[Stored items]
____

(* Let $\alpha,\beta$ be relatively prime positive integers and let $s\ge2$ be an integer. If $n$ is a positive integer with $n>\beta g_{s-1}g_{s-2}$, then $s(n)\ge s$.
   Context: For positive integers $a_1,a_2$, the $(\alpha,\beta)$-walk $w_k(a_1,a_2)$ is given by $w_1=a_1$, $w_2=a_2$, $w_{k+2}=\alpha w_{k+1}+\beta w_k$ ($k\ge1$). For a positive integer $n$, $s(n;a_1,a_2)$ is the (largest) index $s$ with $w_s(a_1,a_2)=n$ ($-\infty$ if none), and $s(n)=\max_{a_1,a_2\ge1}s(n;a_1,a_2)$. The sequence $g_k$: $g_0=0$, $g_1=1$, $g_2=\alpha$, $g_{k+2}=\alpha g_{k+1}+\beta g_k$ for $k\ge1$. *)

theory Defs
  imports Main "HOL-Library.Extended_Nat"
begin

text \<open>The (alpha,beta)-walk, indexed from 1: walk al be a1 a2 1 = a1, walk al be a1 a2 2 = a2,
  w_(k+2) = al * w_(k+1) + be * w_k. Index 0 is unused (set to 0).\<close>
fun walk :: "nat \<Rightarrow> nat \<Rightarrow> nat \<Rightarrow> nat \<Rightarrow> nat \<Rightarrow> nat" where
  "walk al be a1 a2 0 = 0"
| "walk al be a1 a2 (Suc 0) = a1"
| "walk al be a1 a2 (Suc (Suc 0)) = a2"
| "walk al be a1 a2 (Suc (Suc (Suc k))) =
     al * walk al be a1 a2 (Suc (Suc k)) + be * walk al be a1 a2 (Suc k)"

fun gseq :: "nat \<Rightarrow> nat \<Rightarrow> nat \<Rightarrow> nat" where
  "gseq al be 0 = 0"
| "gseq al be (Suc 0) = 1"
| "gseq al be (Suc (Suc k)) = al * gseq al be (Suc k) + be * gseq al be k"

text \<open>s(n;a1,a2): largest index s \<ge> 1 with w_s = n (0 encodes -infinity, as indices are \<ge> 1).\<close>
definition s_idx :: "nat \<Rightarrow> nat \<Rightarrow> nat \<Rightarrow> nat \<Rightarrow> nat \<Rightarrow> enat" where
  "s_idx al be n a1 a2 = Sup {enat k | k. k \<ge> 1 \<and> walk al be a1 a2 k = n}"

definition s_max :: "nat \<Rightarrow> nat \<Rightarrow> nat \<Rightarrow> enat" where
  "s_max al be n = (SUP p \<in> {(a1, a2). a1 \<ge> 1 \<and> a2 \<ge> 1}. s_idx al be n (fst p) (snd p))"

end

theory Submission imports Defs "HOL-Number_Theory.Cong" begin

(* Every walk is a linear combination of two shifted copies of g:
   w_(k+2) = a2 g_(k+1) + be a1 g_k.  Since g_(k+1) and be g_k are coprime, every n exceeding
   their product is a2 g_(k+1) + a1 (be g_k) with a1, a2 >= 1, i.e. n is the (k+2)-th term of a
   walk with positive initial values. *)

lemma walk_Suc_Suc_eq_gseq:
  "walk al be a1 a2 (Suc (Suc k)) = a2 * gseq al be (Suc k) + be * a1 * gseq al be k"
  by (induction al be k rule: gseq.induct) (simp_all add: algebra_simps)

lemma coprime_gseq_right:
  assumes "coprime al be"
  shows "coprime (gseq al be (Suc k)) be"
proof (induction k)
  case (Suc k)
  have "coprime be (al * gseq al be (Suc k))"
    using Suc assms by (simp add: coprime_commute)
  then have "coprime be (gseq al be k * be + al * gseq al be (Suc k))"
    by (simp only: coprime_iff_gcd_eq_1 gcd_add_mult)
  then show ?case by (simp add: coprime_commute ac_simps)
qed simp

lemma coprime_gseq_Suc:
  assumes "coprime al be"
  shows "coprime (gseq al be (Suc k)) (gseq al be k)"
proof (induction k)
  case (Suc k)
  have "coprime (gseq al be (Suc k)) (be * gseq al be k)"
    using Suc coprime_gseq_right[OF assms, of k] by simp
  then have "coprime (gseq al be (Suc k)) (al * gseq al be (Suc k) + be * gseq al be k)"
    by (simp only: coprime_iff_gcd_eq_1 gcd_add_mult)
  then show ?case by (simp add: coprime_commute)
qed simp

lemma pos_combination_if_coprime:
  fixes x y n :: nat
  assumes "coprime x y" and "x * y < n"
  obtains a b where "a \<ge> 1" "b \<ge> 1" "n = a * x + b * y"
proof (cases "y = 0")
  case True
  then have "x = 1" using assms(1) by simp
  with True assms(2) show ?thesis by (intro that[of n 1]) auto
next
  case False
  obtain u where u: "[x * u = 1] (mod y)" using cong_solve_coprime_nat[OF assms(1)] by auto
  \<comment> \<open>the representative of n/x modulo y in 1..y rather than 0..y-1\<close>
  define a where "a = (if (n * u) mod y = 0 then y else (n * u) mod y)"
  have a: "1 \<le> a" "a \<le> y" using False by (auto simp: a_def less_imp_le)
  have "[a = n * u] (mod y)" by (auto simp: a_def cong_def)
  then have "[x * a = n * (x * u)] (mod y)" by (metis cong_scalar_left mult.left_commute)
  also have "[n * (x * u) = n] (mod y)" using cong_scalar_left[OF u, of n] by simp
  finally have "[n = x * a] (mod y)" by (rule cong_sym)
  moreover have "x * a < n" using a assms(2) by (meson le_less_trans mult_le_mono2)
  ultimately obtain b where b: "n = b * y + x * a" using cong_le_nat by (meson less_imp_le)
  have "b \<ge> 1" using b \<open>x * a < n\<close> by (cases b) auto
  with a b show ?thesis by (intro that[of a b]) (auto simp: ac_simps)
qed

lemma enat_le_s_max:
  assumes "a1 \<ge> 1" "a2 \<ge> 1" "k \<ge> 1" "walk al be a1 a2 k = n"
  shows "enat k \<le> s_max al be n"
proof -
  have "enat k \<le> s_idx al be n a1 a2"
    unfolding s_idx_def using assms by (intro Sup_upper) auto
  also have "\<dots> \<le> s_max al be n"
    unfolding s_max_def using assms by (intro SUP_upper2[of "(a1, a2)"]) auto
  finally show ?thesis .
qed

theorem lemma3p3:
  fixes al be s n :: nat
  assumes "al \<ge> 1" and "be \<ge> 1" and "coprime al be"
    and "s \<ge> 2" and "n \<ge> 1"
    and "n > be * gseq al be (s - 1) * gseq al be (s - 2)"
  shows "s_max al be n \<ge> enat s"
proof -
  obtain k where s: "s = Suc (Suc k)" using assms(4) by (metis add_2_eq_Suc le_Suc_ex)
  let ?x = "gseq al be (Suc k)" and ?y = "be * gseq al be k"
  have "coprime ?x ?y"
    using coprime_gseq_right[OF assms(3)] coprime_gseq_Suc[OF assms(3)] by simp
  moreover have "?x * ?y < n" using assms(6) s by (simp add: ac_simps)
  ultimately obtain a2 a1 where a: "a2 \<ge> 1" "a1 \<ge> 1" "n = a2 * ?x + a1 * ?y"
    by (rule pos_combination_if_coprime)
  then have "walk al be a1 a2 s = n" by (simp add: s walk_Suc_Suc_eq_gseq ac_simps)
  then show ?thesis using a s by (intro enat_le_s_max) auto
qed

end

____

(Exercise objective): Give back, verbatim, the lines from the top of the entries above through the line containing "(Suc (Suc (Suc".

(Answer area):
(* Let $\alpha,\beta$ be relatively prime positive integers and let $s\ge2$ be an integer. If $n$ is a positive integer with $n>\beta g_{s-1}g_{s-2}$, then $s(n)\ge s$.
   Context: For positive integers $a_1,a_2$, the $(\alpha,\beta)$-walk $w_k(a_1,a_2)$ is given by $w_1=a_1$, $w_2=a_2$, $w_{k+2}=\alpha w_{k+1}+\beta w_k$ ($k\ge1$). For a positive integer $n$, $s(n;a_1,a_2)$ is the (largest) index $s$ with $w_s(a_1,a_2)=n$ ($-\infty$ if none), and $s(n)=\max_{a_1,a_2\ge1}s(n;a_1,a_2)$. The sequence $g_k$: $g_0=0$, $g_1=1$, $g_2=\alpha$, $g_{k+2}=\alpha g_{k+1}+\beta g_k$ for $k\ge1$. *)

theory Defs
  imports Main "HOL-Library.Extended_Nat"
begin

text \<open>The (alpha,beta)-walk, indexed from 1: walk al be a1 a2 1 = a1, walk al be a1 a2 2 = a2,
  w_(k+2) = al * w_(k+1) + be * w_k. Index 0 is unused (set to 0).\<close>
fun walk :: "nat \<Rightarrow> nat \<Rightarrow> nat \<Rightarrow> nat \<Rightarrow> nat \<Rightarrow> nat" where
  "walk al be a1 a2 0 = 0"
| "walk al be a1 a2 (Suc 0) = a1"
| "walk al be a1 a2 (Suc (Suc 0)) = a2"
| "walk al be a1 a2 (Suc (Suc (Suc k))) =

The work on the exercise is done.